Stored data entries
· · ·
lemma det_lower_triangular_prod:
  fixes A :: "'a::comm_ring_1 mat"
  assumes "A \<in> carrier_mat n n" "\<And>i j. i < j \<Longrightarrow> j < n \<Longrightarrow> A $$ (i, j) = 0"
  shows "det A = (\<Prod>i<n. A $$ (i, i))"
  using det_lower_triangular[OF assms(2,1)] assms(1)
  by (simp add: prod_list_diag_prod atLeast0LessThan)

lemma det_mat_diag: "det (mat_diag n f) = (\<Prod>i<n. f i)"
  by (subst det_lower_triangular_prod[of _ n]) (auto simp: mat_diag_def)

lemma permutes_reverse: "(\<lambda>i. if i < m then m - 1 - i else i) permutes {0..<m::nat}"
  by (rule bij_imp_permutes, rule bij_betw_byWitness[where f' = "\<lambda>i. m - 1 - i"])
    (force simp: image_subset_iff)+

lemma det_permute_rows_cols:
  fixes A :: "'a::comm_ring_1 mat"
  assumes A: "A \<in> carrier_mat n n" and p: "p permutes {0..<n}"
  shows "det (mat n n (\<lambda>(i, j). A $$ (p i, p j))) = det A"
proof -
  define B where "B = mat n n (\<lambda>(i, j). A $$ (p i, j))"
  define C where "C = mat n n (\<lambda>(i, j). transpose_mat B $$ (p i, j))"
  have B: "B \<in> carrier_mat n n" and C: "C \<in> carrier_mat n n" by (simp_all add: B_def C_def)
  have "mat n n (\<lambda>(i, j). A $$ (p i, p j)) = transpose_mat C"
    using p by (auto simp: B_def C_def permutes_in_image)
  then have "det (mat n n (\<lambda>(i, j). A $$ (p i, p j))) = signof p * det (transpose_mat B)"
    using det_permute_rows[of "transpose_mat B" n p] det_transpose[OF C] B p by (simp add: C_def)
  also have "\<dots> = signof p * signof p * det A"
    using det_permute_rows[OF A p] det_transpose[OF B] by (simp add: B_def)
  finally show ?thesis by (simp flip: of_int_mult)
qed

definition pascal_mat :: "nat \<Rightarrow> real mat" where
  "pascal_mat m = mat m m (\<lambda>(i, j). real (i choose j))"

lemma det_pascal_mat: "det (pascal_mat m) = 1"
  by (subst det_lower_triangular_prod[of _ m]) (auto simp: pascal_mat_def)

lemma pascal_mat_mult:
  "pascal_mat m * mat m m (\<lambda>(c, j). f c j + f (Suc c) j)
     = mat m m (\<lambda>(i, j). \<Sum>k\<le>Suc m. real (Suc i choose k) * f k j)"
  by (rule eq_matI)
    (auto simp: pascal_mat_def scalar_prod_def atLeast0LessThan sum_binomial_Suc_eq
      simp del: sum.atMost_Suc)

definition binomial_toeplitz_mat :: "nat \<Rightarrow> nat \<Rightarrow> real mat" where
  "binomial_toeplitz_mat m q = mat m m (\<lambda>(i, j). if j \<le> i then real (q choose (i - j)) else 0)"

lemma det_binomial_toeplitz_mat: "det (binomial_toeplitz_mat m q) = 1"
  by (subst det_lower_triangular_prod[of _ m]) (auto simp: binomial_toeplitz_mat_def)

lemma binomial_toeplitz_mat_mult_pascal:
  "binomial_toeplitz_mat m q * transpose_mat (pascal_mat m)
     = mat m m (\<lambda>(i, j). real ((q + j) choose i))"
proof (rule eq_matI)
  fix i j assume "i < dim_row (mat m m (\<lambda>(i, j). real ((q + j) choose i)))"
    "j < dim_col (mat m m (\<lambda>(i, j). real ((q + j) choose i)))"
  then have i: "i < m" and j: "j < m" by auto
  define g where "g e = (if e \<le> i then real (q choose (i - e)) else 0) * real (j choose e)" for e
  have "(\<Sum>e<m. g e) = (\<Sum>e\<le>min i j. g e)"
    by (rule sum.mono_neutral_right) (use j in \<open>auto simp: g_def binomial_eq_0\<close>)
  also have "\<dots> = (\<Sum>e\<le>i. g e)"
    by (rule sum.mono_neutral_left) (auto simp: g_def binomial_eq_0)
  also have "\<dots> = real ((q + j) choose i)"
    using vandermonde[of j q i]
    by (simp add: g_def add.commute mult.commute flip: of_nat_mult of_nat_sum)
  finally show "(binomial_toeplitz_mat m q * transpose_mat (pascal_mat m)) $$ (i, j)
      = mat m m (\<lambda>(i, j). real ((q + j) choose i)) $$ (i, j)"
    using i j
    by (simp add: binomial_toeplitz_mat_def pascal_mat_def g_def scalar_prod_def atLeast0LessThan)
qed (auto simp: binomial_toeplitz_mat_def pascal_mat_def)
(* Let $w'\in\mathcal{W}^e_n$ and let $(O',E')\to(O,E)$ be one application of the step $(\omega)$ during the computation of $\Omega(w')$. Then $(O',E')$ is obtained from $(O,E)$ by applying one step $(\psi)$.
   Context: Fix a finite totally ordered alphabet $A$. Words are finite sequences over $A$; $-$ is the empty word. $<$ is lexicographic order (a proper prefix is smaller than the word); $\infty$ is a formal symbol with $w<\infty$ for all words $w$. A Lyndon word is a nonempty word strictly smaller than each of its proper nonempty suffixes. Every word has a unique Lyndon factorization $w=\ell_1\cdots\ell_m$ into Lyndon words with $\ell_1\ge\dots\ge\ell_m$, written $\ell_1|\cdots|\ell_m$. Odd/even refer to lengths. For a Lyndon word $\ell$ with $|\ell|\ge2$, its standard factorization is $\ell=rs$ with $s$ the longest proper suffix of $\ell$ that is Lyndon (equivalently the smallest proper nonempty suffix). $\mathcal{W}^e_n$: words of length $n$ whose Lyndon factors are all even except possibly one factor of length one. Iterated standard factorization (ISF) of a Lyndon word $\ell$, $|\ell|\ge2$, with respect to $u$ (a word or $\infty$): the unique factorization $\ell=r_js_js_{j-1}\cdots s_1$, $j\ge1$, such that (a) for every $i\in[j]$, $s_i$ is the smallest proper nonempty suffix of $r_js_j\cdots s_i$; (b) for $i\in[j-1]$, $s_i$ is even and $s_i<u$; (c) $s_j$ is odd or $u\le s_j$. Computation of $\Omega(w')$ for $w'\in\mathcal{W}^e_n$: start with $(O',E')=(-,w')$; if $n$ is odd, remove the unique length-one Lyndon factor from $E'$ and set $O'$ equal to that letter. While $E'$ is nonempty, apply step $(\omega)$: let $O'=o'_1|\cdots|o'_h$ and $E'=e'_1|\cdots|e'_k$ (with $o'_h=\infty$ if $O'$ is empty). If $o'_h<e'_1$, update to (S') $(O'e'_1,\ e'_2\cdots e'_k)$. Otherwise let $e'_1=r_js_js_{j-1}\cdots s_1$ be the ISF of $e'_1$ with respect to $o'_h$ and update to (P') $(o'_1\cdots o'_{h-1}r_js_jo'_h,\ s_{j-1}\cdots s_1e'_2\cdots e'_k)$ if $o'_h\le s_j$, or to (F') $(O's_jr_j,\ s_{j-1}\cdots s_1e'_2\cdots e'_k)$ if $s_j<o'_h$. When $E'$ is empty, $\Omega(w')=O'$. Step $(\psi)$ on a pair of words $(O,E)$ with $|O|\ge2$: let $O=o_1|\cdots|o_m$ (with $o_{m-1}=\infty$ if $m=1$); $o_m$ is splittable if $|o_m|\ge2$ and its standard factorization $o_m=rs$ satisfies $s<o_{m-1}$. Update to: (S) $(o_1\cdots o_{m-1}r,\ sE)$ if splittable and $r$ odd; (P) $(o_1\cdots o_{m-1}s,\ rE)$ if splittable and $r$ even; (F) $(o_1\cdots o_{m-2},\ o_mo_{m-1}E)$ if not splittable. *)

theory Defs
  imports Main
begin

text \<open>Words over a finite totally ordered alphabet are lists. The formal symbol
  infinity is represented by None in the type option of words.\<close>

definition wlt :: "'a::linorder list \<Rightarrow> 'a list \<Rightarrow> bool" where
  "wlt u v \<longleftrightarrow> (u, v) \<in> lexord {(a, b). a < b}"

definition wle :: "'a::linorder list \<Rightarrow> 'a list \<Rightarrow> bool" where
  "wle u v \<longleftrightarrow> wlt u v \<or> u = v"

fun w_lt_ext :: "'a::linorder list \<Rightarrow> 'a list option \<Rightarrow> bool" where
  "w_lt_ext w None = True"
| "w_lt_ext w (Some u) = wlt w u"

fun ext_lt_w :: "'a::linorder list option \<Rightarrow> 'a list \<Rightarrow> bool" where
  "ext_lt_w None w = False"
| "ext_lt_w (Some u) w = wlt u w"

fun ext_le_w :: "'a::linorder list option \<Rightarrow> 'a list \<Rightarrow> bool" where
  "ext_le_w None w = False"
| "ext_le_w (Some u) w = wle u w"

definition lyndon :: "'a::linorder list \<Rightarrow> bool" where
  "lyndon w \<longleftrightarrow> w \<noteq> [] \<and> (\<forall>k. 0 < k \<and> k < length w \<longrightarrow> wlt w (drop k w))"

definition lyndon_factorization :: "'a::linorder list \<Rightarrow> 'a list list \<Rightarrow> bool" where
  "lyndon_factorization w fs \<longleftrightarrow>
     concat fs = w \<and> (\<forall>f\<in>set fs. lyndon f) \<and> sorted_wrt (\<lambda>x y. wle y x) fs"

definition LF :: "'a::linorder list \<Rightarrow> 'a list list" where
  "LF w = (THE fs. lyndon_factorization w fs)"

definition std_fact :: "'a::linorder list \<Rightarrow> 'a list \<Rightarrow> 'a list \<Rightarrow> bool" where
  "std_fact l r s \<longleftrightarrow> l = r @ s \<and> r \<noteq> [] \<and> lyndon s \<and>
     (\<forall>k. 0 < k \<and> k < length l \<and> lyndon (drop k l) \<longrightarrow> length (drop k l) \<le> length s)"

definition min_proper_suffix :: "'a::linorder list \<Rightarrow> 'a list \<Rightarrow> bool" where
  "min_proper_suffix l s \<longleftrightarrow> (\<exists>k. 0 < k \<and> k < length l \<and> s = drop k l) \<and>
     (\<forall>k. 0 < k \<and> k < length l \<longrightarrow> wle s (drop k l))"

definition We :: "nat \<Rightarrow> 'a::linorder list set" where
  "We n = {w. length w = n \<and>
     (\<forall>f\<in>set (LF w). even (length f) \<or> length f = 1) \<and>
     length (filter (\<lambda>f. odd (length f)) (LF w)) \<le> 1}"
· · ·
**Instructions for the task**
Return, with no change at all, every line in the entries above from the line containing "by (rule eq_matI)" through the line containing "one step $(\psi)$.".

**Answer to this problem**
  by (rule eq_matI)
    (auto simp: pascal_mat_def scalar_prod_def atLeast0LessThan sum_binomial_Suc_eq
      simp del: sum.atMost_Suc)

definition binomial_toeplitz_mat :: "nat \<Rightarrow> nat \<Rightarrow> real mat" where
  "binomial_toeplitz_mat m q = mat m m (\<lambda>(i, j). if j \<le> i then real (q choose (i - j)) else 0)"

lemma det_binomial_toeplitz_mat: "det (binomial_toeplitz_mat m q) = 1"
  by (subst det_lower_triangular_prod[of _ m]) (auto simp: binomial_toeplitz_mat_def)

lemma binomial_toeplitz_mat_mult_pascal:
  "binomial_toeplitz_mat m q * transpose_mat (pascal_mat m)
     = mat m m (\<lambda>(i, j). real ((q + j) choose i))"
proof (rule eq_matI)
  fix i j assume "i < dim_row (mat m m (\<lambda>(i, j). real ((q + j) choose i)))"
    "j < dim_col (mat m m (\<lambda>(i, j). real ((q + j) choose i)))"
  then have i: "i < m" and j: "j < m" by auto
  define g where "g e = (if e \<le> i then real (q choose (i - e)) else 0) * real (j choose e)" for e
  have "(\<Sum>e<m. g e) = (\<Sum>e\<le>min i j. g e)"
    by (rule sum.mono_neutral_right) (use j in \<open>auto simp: g_def binomial_eq_0\<close>)
  also have "\<dots> = (\<Sum>e\<le>i. g e)"
    by (rule sum.mono_neutral_left) (auto simp: g_def binomial_eq_0)
  also have "\<dots> = real ((q + j) choose i)"
    using vandermonde[of j q i]
    by (simp add: g_def add.commute mult.commute flip: of_nat_mult of_nat_sum)
  finally show "(binomial_toeplitz_mat m q * transpose_mat (pascal_mat m)) $$ (i, j)
      = mat m m (\<lambda>(i, j). real ((q + j) choose i)) $$ (i, j)"
    using i j
    by (simp add: binomial_toeplitz_mat_def pascal_mat_def g_def scalar_prod_def atLeast0LessThan)
qed (auto simp: binomial_toeplitz_mat_def pascal_mat_def)
(* Let $w'\in\mathcal{W}^e_n$ and let $(O',E')\to(O,E)$ be one application of the step $(\omega)$ during the computation of $\Omega(w')$. Then $(O',E')$ is obtained from $(O,E)$ by applying one step $(\psi)$.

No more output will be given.